WORK REQUEST – Filter the listing below down to the lines containing the word "bool".

★ ★ ★ ★ ★

(* Let $G=(\mathcal V,\mathcal E)$ be a strongly connected digraph with $N>2$ nodes and let the weights $p_{ij}(k)$, $\alpha_i(k)$ be generated as in the Privacy-Preserving Push-Sum Algorithm described in the context. For $k\ge 1$ define the $2N\times 2N$ matrices $$\hat P(k)=\begin{bmatrix} P(k) & I_N\\ \Lambda(k) & 0\end{bmatrix},\qquad P(k)=[p_{ij}(k)]_{i,j=1}^N,\quad \Lambda(k)=\mathrm{diag}(\alpha_1(k),\dots,\alpha_N(k)),$$ and $T_k=\hat P(k)\hat P(k-1)\cdots \hat P(1)$. Then the coefficient of ergodicity $\delta(T_k)$ converges to $0$ almost surely as $k\to\infty$.
   Context: Digraph conventions: $\mathcal V=\{1,\dots,N\}$, no self-loops; $(j,i)\in\mathcal E$ means node $i$ can send messages to node $j$. $N_i^{in}=\{j:(i,j)\in\mathcal E\}$, $N_i^{out}=\{j:(j,i)\in\mathcal E\}$. Strongly connected: a directed path exists from any node to any other node. Privacy-Preserving Push-Sum Algorithm (each node $i$ has a private real initial state $x_i(0)$; $M>0$ is a fixed constant). Initialization: node $i$ draws $x^\alpha_{i,1}(0)\sim U(-M,M)$ and sets $x^\beta_{i,1}(0)=2x_i(0)-x^\alpha_{i,1}(0)$, $x^\alpha_{i,2}(0)=0$, $x^\beta_{i,2}(0)=2$. Weights: at $k=0$, node $i$ draws the numbers $\{p_{ji}(0):j\in N_i^{out}\cup\{i\}\}$ and $\alpha_i(0)$ independently from $\mathcal N(0,M)$ and normalizes them so that $\sum_{j=1}^N p_{ji}(0)+\alpha_i(0)=1$; at each $k\ge1$, node $i$ draws $\{p_{ji}(k):j\in N_i^{out}\cup\{i\}\}$ and $\alpha_i(k)$ independently from $U(0,1)$ and normalizes them so that $\sum_{j=1}^N p_{ji}(k)+\alpha_i(k)=1$; in all cases $p_{ji}(k)=0$ if $j\notin N_i^{out}\cup\{i\}$. State update, for $k\ge0$, $l=1,2$: node $i$ sends $p_{ji}(k)x^\alpha_{i,l}(k)$ to each $j\in N_i^{out}$ and updates $$x^\alpha_{i,l}(k+1)=\sum_{j\in N_i^{in}\cup\{i\}}p_{ij}(k)x^\alpha_{j,l}(k)+x^\beta_{i,l}(k),\qquad x^\beta_{i,l}(k+1)=\alpha_i(k)x^\alpha_{i,l}(k).$$ Node $i$'s estimated average is $\hat x^{ave}_i(k+1)=x^\alpha_{i,1}(k+1)/x^\alpha_{i,2}(k+1)$. The substate $x^\beta_{i,l}$ is never transmitted. Coefficient of ergodicity: for a column-stochastic matrix $P_c$, $\delta(P_c)=\max_j\max_{i_1,i_2}|[P_c]_{j i_1}-[P_c]_{j i_2}|$. *)

theory Defs
  imports "HOL-Probability.Probability" "Jordan_Normal_Form.Matrix"
begin

text \<open>Nodes are 0,...,N-1.  An edge (j,i) in E means node i can send to node j.\<close>

definition out_nbrs :: "(nat \<times> nat) set \<Rightarrow> nat \<Rightarrow> nat set" where
  "out_nbrs E i = {j. (j, i) \<in> E}"

definition in_nbrs :: "(nat \<times> nat) set \<Rightarrow> nat \<Rightarrow> nat set" where
  "in_nbrs E i = {j. (i, j) \<in> E}"

definition digraph_on :: "nat \<Rightarrow> (nat \<times> nat) set \<Rightarrow> bool" where
  "digraph_on N E \<longleftrightarrow> E \<subseteq> {0..<N} \<times> {0..<N} \<and> (\<forall>i. (i, i) \<notin> E)"

definition strongly_connected :: "nat \<Rightarrow> (nat \<times> nat) set \<Rightarrow> bool" where
  "strongly_connected N E \<longleftrightarrow> (\<forall>i<N. \<forall>j<N. i \<noteq> j \<longrightarrow> (i, j) \<in> E\<^sup>+)"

★ ★ ★ ★ ★

RESPONSE BOX –
definition digraph_on :: "nat \<Rightarrow> (nat \<times> nat) set \<Rightarrow> bool" where
definition strongly_connected :: "nat \<Rightarrow> (nat \<times> nat) set \<Rightarrow> bool" where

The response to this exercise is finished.